Is used, and 3 to 35 parts by weight of thermal black having a particle size of 200 to 600 millimicrons is added as a filler, and a peroxide is added as a vulcanizing agent in an amount of 0.5 to 10%. A mixture of 0.5 to 6 parts by weight of TAIC (triallyl isocyanate) as a co-crosslinking agent is mixed with a roll or a closed mixer, processed into a predetermined shape with a roll or an extruder, and used for molding. . In the molding, it can be processed into a predetermined shape using an arbitrary molding machine such as compression molding by a pressurizing and heating type press, other transfer molding, injection molding or the like.
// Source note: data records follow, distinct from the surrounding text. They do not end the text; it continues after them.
lemma weight_offrate_balance_condC:
  assumes "E \<subseteq> {{x, y} | x y. x \<in> V \<and> y \<in> V \<and> x \<noteq> y}" and "finite E"
    and "s \<in> states V E" and "condC V E s s' x e"
  shows "weight E p s * offrate V E p s s' = weight E p s' * offrate V E p s' s"
proof -
  obtain \<eta> \<sigma> \<eta>' \<sigma>' where s: "s = (\<eta>, \<sigma>)" "s' = (\<eta>', \<sigma>')"
    by fastforce
  note states = assms(3)[unfolded s] and c = assms(4)[unfolded s]
  have "e \<in> E" "\<eta>' e \<longleftrightarrow> \<not> \<eta> e" "\<eta> e = delta \<sigma> e"
    and \<sigma>: "delta \<sigma>' e \<longleftrightarrow> \<not> delta \<sigma> e"
    using c condC_delta_swap[OF assms(1) states c] unfolding condC_def by auto
  then have "\<sigma>' \<noteq> \<sigma>"
    by auto
  have rate: "offrate V E p (\<eta>, \<sigma>) (\<eta>', \<sigma>')
      = 1/4 * ((1 - p) * (if \<eta> e then 1 else 0) * (if inC E (\<eta>, \<sigma>) then 1 else 0)
               + p * (if \<not> \<eta> e then 1 else 0) * (if inC E (\<eta>', \<sigma>') then 1 else 0))"
    using offrate_condC[OF c] \<open>\<sigma>' \<noteq> \<sigma>\<close> by simp
  have rate': "offrate V E p (\<eta>', \<sigma>') (\<eta>, \<sigma>)
      = 1/4 * ((1 - p) * (if \<eta>' e then 1 else 0) * (if inC E (\<eta>', \<sigma>') then 1 else 0)
               + p * (if \<not> \<eta>' e then 1 else 0) * (if inC E (\<eta>, \<sigma>) then 1 else 0))"
    using offrate_condC[OF condC_sym[OF assms(1) states c]] \<open>\<sigma>' \<noteq> \<sigma>\<close> by simp
  show ?thesis
    unfolding s rate rate' inC_condC_iff[OF assms(1) states c]
    using \<open>e \<in> E\<close> \<open>\<eta>' e \<longleftrightarrow> \<not> \<eta> e\<close> \<open>\<eta> e = delta \<sigma> e\<close> \<sigma>
      condC_agrees_off_edge[OF assms(1) c]
    by (intro weight_mult_eq_by_edge[OF assms(2)]) (auto simp: edge_factor_def)
qed

lemma weight_offrate_balance:
  assumes "E \<subseteq> {{x, y} | x y. x \<in> V \<and> y \<in> V \<and> x \<noteq> y}" and "finite E"
    and "s \<in> states V E" and "s' \<in> states V E"
  shows "weight E p s * offrate V E p s s' = weight E p s' * offrate V E p s' s"
proof -
  consider (A) e where "condA E s s' e" | (B) e where "condB E s s' e"
    | (C) x e where "condC V E s s' x e"
    | (none) "\<nexists>e. condA E s s' e" "\<nexists>e. condB E s s' e" "\<nexists>x e. condC V E s s' x e"
    by blast
  then show ?thesis
  proof cases
    case A
    then show ?thesis
      using assms(2) by (rule weight_offrate_balance_condA[rotated])
  next
    case B
    then show ?thesis
      using assms(2) by (rule weight_offrate_balance_condB[rotated])
  next
    case C
    then show ?thesis
      using assms(1-3) by (rule weight_offrate_balance_condC[rotated 3])
  next
    case none
    then have "\<nexists>e. condA E s' s e" "\<nexists>e. condB E s' s e" "\<nexists>x e. condC V E s' s x e"
      using condA_sym condB_sym condC_sym[OF assms(1,4)] by blast+
    then show ?thesis
      using none by (simp add: offrate_eq_0)
  qed
qed
(* Let $m$ be a positive integer with $m<n$. The set of all elements of $D_n$ of the form $$w_1^{j_1}\cdot t_2^{i_2}\cdot w_2^{j_2}\cdot t_3^{i_3}\cdots w_{m-1}^{j_{m-1}}\cdot t_m^{i_m}\cdot w_m^{j_m},$$ with $0\le j_k\le 1$ for $1\le k\le m$ and $0\le i_k\le k-1$ for $2\le k\le m$ (for $m=1$ this is just $w_1^{j_1}$), is a subgroup of $D_n$ isomorphic to the hyperoctahedral group $B_m$.
   Context: $D_n$ ($n\ge 2$) is the Coxeter group with generators $s_{1'},s_1,\dots,s_{n-1}$ and relations $s^2=1$ for each generator, $(s_i s_{i+1})^3=1$, $(s_is_j)^2=1$ for $|i-j|\ge 2$, $(s_{1'}s_2)^3=1$, and $(s_{1'}s_i)^2=1$ for $i\ne 2$. For $2\le k\le n$, $t_k=s_1 s_2\cdots s_{k-1}$; for $1\le k\le n-1$, $w_k=s_k s_{k-1}\cdots s_2 s_1 s_{1'} s_2\cdots s_k$. $B_m$ denotes the group of signed permutations of $\{\pm1,\dots,\pm m\}$ (bijections $\sigma$ with $\sigma(-i)=-\sigma(i)$), of order $2^m m!$. *)

theory Defs
  imports "HOL-Algebra.Algebra"
begin

text \<open>Coxeter group D_n by generators and relations.
  Letters: 0 encodes s_{1'}, and i (1 <= i <= n-1) encodes s_i. Words are lists of letters < n.\<close>

definition D_relators :: "nat \<Rightarrow> nat list set" where
  "D_relators n =
     {[g, g] | g. g < n}
   \<union> {concat (replicate 3 [i, i + 1]) | i. 1 \<le> i \<and> i + 1 < n}
   \<union> {concat (replicate 2 [i, j]) | i j. 1 \<le> i \<and> 1 \<le> j \<and> i < n \<and> j < n \<and> (i + 2 \<le> j \<or> j + 2 \<le> i)}
   \<union> (if 2 < n then {concat (replicate 3 [0, 2])} else {})
   \<union> {concat (replicate 2 [0, i]) | i. 1 \<le> i \<and> i < n \<and> i \<noteq> 2}"

inductive Deq :: "nat \<Rightarrow> nat list \<Rightarrow> nat list \<Rightarrow> bool" for n where
  Deq_refl: "Deq n w w"
| Deq_sym: "Deq n u v \<Longrightarrow> Deq n v u"
| Deq_trans: "Deq n u v \<Longrightarrow> Deq n v w \<Longrightarrow> Deq n u w"
| Deq_rel: "r \<in> D_relators n \<Longrightarrow> Deq n (a @ r @ b) (a @ b)"

definition Dclass :: "nat \<Rightarrow> nat list \<Rightarrow> nat list set" where
  "Dclass n w = {v. Deq n w v}"

definition D_group :: "nat \<Rightarrow> nat list set monoid" where
  "D_group n = \<lparr> carrier = Dclass n ` lists {..<n},
                 monoid.mult = (\<lambda>A B. \<Union>a\<in>A. \<Union>b\<in>B. Dclass n (a @ b)),
                 one = Dclass n [] \<rparr>"

text \<open>Words for t_k = s_1 s_2 ... s_{k-1} and w_k = s_k ... s_2 s_1 s_{1'} s_2 ... s_k.\<close>
definition t_word :: "nat \<Rightarrow> nat list" where
  "t_word k = [1..<k]"

definition w_word :: "nat \<Rightarrow> nat list" where
  "w_word k = rev [1..<k + 1] @ [0] @ [2..<k + 1]"

definition word_pow :: "nat list \<Rightarrow> nat \<Rightarrow> nat list" where
  "word_pow u e = concat (replicate e u)"

definition normal_word :: "nat \<Rightarrow> (nat \<Rightarrow> nat) \<Rightarrow> (nat \<Rightarrow> nat) \<Rightarrow> nat list" where
  "normal_word m j i =
     concat (map (\<lambda>k. (if 2 \<le> k then word_pow (t_word k) (i k) else []) @ word_pow (w_word k) (j k))
                 [1..<m + 1])"

definition H_set :: "nat \<Rightarrow> nat \<Rightarrow> nat list set set" where
  "H_set n m = {Dclass n (normal_word m j i) | j i.
                  (\<forall>k\<in>{1..m}. j k \<le> 1) \<and> (\<forall>k\<in>{2..m}. i k \<le> k - 1)}"

text \<open>Hyperoctahedral group B_m: signed permutations of {+-1,...,+-m}
  (as functions on int, identity outside), composition as product.\<close>
definition signed_set :: "nat \<Rightarrow> int set" where
  "signed_set m = {-int m..int m} - {0}"

definition B_group :: "nat \<Rightarrow> (int \<Rightarrow> int) monoid" where
  "B_group m = \<lparr> carrier = {\<sigma>. bij_betw \<sigma> (signed_set m) (signed_set m)
                            \<and> (\<forall>x\<in>signed_set m. \<sigma> (- x) = - \<sigma> x)
                            \<and> (\<forall>x. x \<notin> signed_set m \<longrightarrow> \<sigma> x = x)},
                 monoid.mult = (\<circ>),
                 one = id \<rparr>"

end

theory Submission
  imports Defs
begin

(* Letters act on \<plusminus>{1..n} by signed permutations: s_i swaps \<plusminus>i with \<plusminus>(i+1), and s_1'
   sends 1 to -2 and 2 to -1. This respects the defining relations; t_k acts as the cycle
   (1 2 ... k) and w_k negates 1 and k+1.

   Closure: by induction on k, H_(k+1) = H_k <t_(k+1)> {1, w_(k+1)}. Assuming H_k is a subgroup,
   rewriting with the Coxeter relations shows that right multiplication by each generator maps
   the coset products H_k <t_(k+1)> and H_(k+1) into themselves.

   Isomorphism: restricting the action to \<plusminus>{1..m} is a homomorphism H_m -> B_m. Distinct normal
   words act differently (the exponents of w_(k+1) and t_(k+1) are read off from the images of
   k+2 and k+1), and the image of m+1 is determined by the action on \<plusminus>{1..m} because every
   element changes an even number of signs. So the map is injective on the 2^m m! normal words,
   while |B_m| <= 2^m m!. *)

declare Deq.Deq_trans [trans]

lemma Deq_cong: "Deq n u v \<Longrightarrow> Deq n (a @ u @ b) (a @ v @ b)"
proof (induction rule: Deq.induct)
  case (Deq_refl w) then show ?case by (rule Deq.Deq_refl)
next
  case (Deq_sym u v) then show ?case by (blast intro: Deq.Deq_sym)
next
  case (Deq_trans u v w) then show ?case by (blast intro: Deq.Deq_trans)
next
  case (Deq_rel r a' b')
  have "Deq n ((a @ a') @ r @ (b' @ b)) ((a @ a') @ (b' @ b))" by (rule Deq.Deq_rel[OF Deq_rel])
  then show ?case by simp
qed

lemma Deq_append_left: "Deq n u u' \<Longrightarrow> Deq n (a @ u) (a @ u')"
  using Deq_cong[of n u u' a "[]"] by simp

lemma Deq_append_right: "Deq n u u' \<Longrightarrow> Deq n (u @ b) (u' @ b)"
  using Deq_cong[of n u u' "[]" b] by simp

lemma Deq_append: "Deq n u u' \<Longrightarrow> Deq n v v' \<Longrightarrow> Deq n (u @ v) (u' @ v')"
  by (metis Deq.Deq_trans Deq_append_left Deq_append_right)

lemma Deq_relator: "r \<in> D_relators n \<Longrightarrow> Deq n r []"
  using Deq.Deq_rel[of r n "[]" "[]"] by simp

lemma set_relator: "r \<in> D_relators n \<Longrightarrow> set r \<subseteq> {..<n}"
  unfolding D_relators_def by (auto simp: numeral_3_eq_3 numeral_2_eq_2 split: if_splits)

lemma Deq_letter_square: "g < n \<Longrightarrow> Deq n [g, g] []"
  by (rule Deq_relator) (auto simp: D_relators_def)

lemma Deq_append_rev: "set v \<subseteq> {..<n} \<Longrightarrow> Deq n (v @ rev v) []"
proof (induction v)
  case Nil then show ?case by (simp add: Deq.Deq_refl)
next
  case (Cons g v)
  have "Deq n ([g] @ (v @ rev v) @ [g]) ([g] @ [] @ [g])"
    by (rule Deq_cong, rule Cons.IH) (use Cons.prems in auto)
  also have "Deq n ([g] @ [] @ [g]) []" using Deq_letter_square[of g n] Cons.prems by simp
  finally show ?case by simp
qed

lemma Deq_rev_append: "set v \<subseteq> {..<n} \<Longrightarrow> Deq n (rev v @ v) []"
  using Deq_append_rev[of "rev v" n] by simp

lemma Deq_inverse_unique:
  assumes "Deq n (u @ v) []" "set v \<subseteq> {..<n}" shows "Deq n u (rev v)"
proof -
  have "Deq n u (u @ v @ rev v)"
    using Deq_append_left[OF Deq_append_rev[OF assms(2)], of u] by (simp add: Deq.Deq_sym)
  also have "Deq n (u @ v @ rev v) (rev v)" using Deq_append_right[OF assms(1), of "rev v"] by simp
  finally show ?thesis .
qed

lemma Deq_conj_rev:
  assumes "Deq n (v @ x) (y @ v)" "set v \<subseteq> {..<n}"
  shows "Deq n (rev v @ y) (x @ rev v)"
proof -
  have "Deq n (rev v @ y) (rev v @ y @ (v @ rev v))"
    using Deq_append_left[OF Deq_append_rev[OF assms(2)], of "rev v @ y"] by (simp add: Deq.Deq_sym)
  also have "rev v @ y @ (v @ rev v) = rev v @ (y @ v) @ rev v" by simp
  also have "Deq n (rev v @ (y @ v) @ rev v) (rev v @ (v @ x) @ rev v)"
    by (rule Deq_cong, rule Deq.Deq_sym, rule assms(1))
  also have "rev v @ (v @ x) @ rev v = (rev v @ v) @ x @ rev v" by simp
  also have "Deq n ((rev v @ v) @ x @ rev v) ([] @ x @ rev v)"
    by (rule Deq_append_right, rule Deq_rev_append[OF assms(2)])
  finally show ?thesis by simp
qed

lemma Deq_rev: "Deq n u v \<Longrightarrow> Deq n (rev u) (rev v)"
proof (induction rule: Deq.induct)
  case (Deq_refl w) then show ?case by (rule Deq.Deq_refl)
next
  case (Deq_sym u v) then show ?case by (blast intro: Deq.Deq_sym)
next
  case (Deq_trans u v w) then show ?case by (blast intro: Deq.Deq_trans)
next
  case (Deq_rel r a b)
  have "Deq n (rev r) []"
    using Deq_inverse_unique[of n "[]" r] Deq_relator[OF Deq_rel] set_relator[OF Deq_rel]
    by (simp add: Deq.Deq_sym)
  then have "Deq n (rev b @ rev r @ rev a) (rev b @ [] @ rev a)" by (rule Deq_cong)
  then show ?case by simp
qed

lemma Dclass_eq_iff: "Dclass n u = Dclass n v \<longleftrightarrow> Deq n u v"
  unfolding Dclass_def by (blast intro: Deq.Deq_refl Deq.Deq_sym Deq.Deq_trans)

lemma Dclass_self: "u \<in> Dclass n u"
  unfolding Dclass_def by (simp add: Deq.Deq_refl)

lemma D_mult: "Dclass n u \<otimes>\<^bsub>D_group n\<^esub> Dclass n v = Dclass n (u @ v)"
proof -
  have "Dclass n (a @ b) = Dclass n (u @ v)" if "a \<in> Dclass n u" "b \<in> Dclass n v" for a b
    using that Deq_append[of n u a v b] unfolding Dclass_eq_iff by (simp add: Dclass_def Deq.Deq_sym)
  then have "(\<Union>a\<in>Dclass n u. \<Union>b\<in>Dclass n v. Dclass n (a @ b)) = Dclass n (u @ v)"
    using Dclass_self[of u n] Dclass_self[of v n] by blast
  then show ?thesis unfolding D_group_def by simp
qed

lemma D_one: "\<one>\<^bsub>D_group n\<^esub> = Dclass n []"
  unfolding D_group_def by simp

lemma D_carrier: "carrier (D_group n) = Dclass n ` lists {..<n}"
  unfolding D_group_def by simp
The fluororubber composition processed by the above method is used as a product after secondary vulcanization at 150 ° C. to 250 ° C., preferably 200 ° C. for 1 to 8 hours.
[0009]
【Example】
Next, the present invention will be described with reference to examples. Examples Fluororubber (Daikin Industries, Daiel LT-302), Comparative Example Silicone rubber (manufactured by Dow Corning Toray, SH747U) was added with each compounding component shown in Table 1 and kneaded with an open roll, then sheet Using a pressure press, a sheet (150 × 150 × 2 mm) and an O-ring (wire diameter 3.4 mm, inner diameter 25 mm) were respectively vulcanized and molded at 170 ° C. for 3 minutes.
About the obtained vulcanizates, the fluororubbers of Examples 1 and 2 were subjected to heat treatment (oven vulcanization) at 200 ° C. for 4 hours, in accordance with JIS K-6251, JIS K-6253, and JIS K-6262. The physical property test was conducted. Here, the compression set test shown in Table 1 is obtained by compressing the O-ring obtained above by 25% and adding the compressed jig to a 3000 ppm concentration hydrofluoric acid aqueous solution (90 ° C.) and a sulfuric acid aqueous solution adjusted to PH = 2. After immersion for the time indicated in 1, the jig was opened and compression set was measured. In the low temperature sealability test, the O-ring obtained above was compressed at 30% into a dedicated test jig, and air at a pressure of 0.5 Mpa was placed in the jig under the condition of -35 ° C. The presence or absence of air leakage was evaluated.
[0010]
[Table 1]

[0011]
【The invention's effect】
The fluororubber composition obtained by the present invention not only exhibits excellent resistance to hydrofluoric acid and sulfuric acid, but also inherently required gas permeability, gas sealability, refrigerant resistance, low compression set, It satisfies the low temperature property and can be sufficiently used as a packing material for a fuel cell.

Claims (4)

A rubber composition comprising 5 to 30 parts by weight of carbon black, 1 to 10 parts by weight of an organic peroxide, and 1 to 5 parts by weight of a co-crosslinking agent with respect to 100 parts by weight of fluororubber. Fluoro rubber is a general formula

The fluororubber composition of Claim 1 shown by these. The fluororubber composition according to claim 1, wherein the carbon black contains 5 to 30 parts by weight of thermal black having an average particle size of 200 mm or more. The fluororubber composition according to claim 1, which is used as a packing material for a fuel cell and is heat-treated at 170 ° C to 250 ° C after vulcanization molding.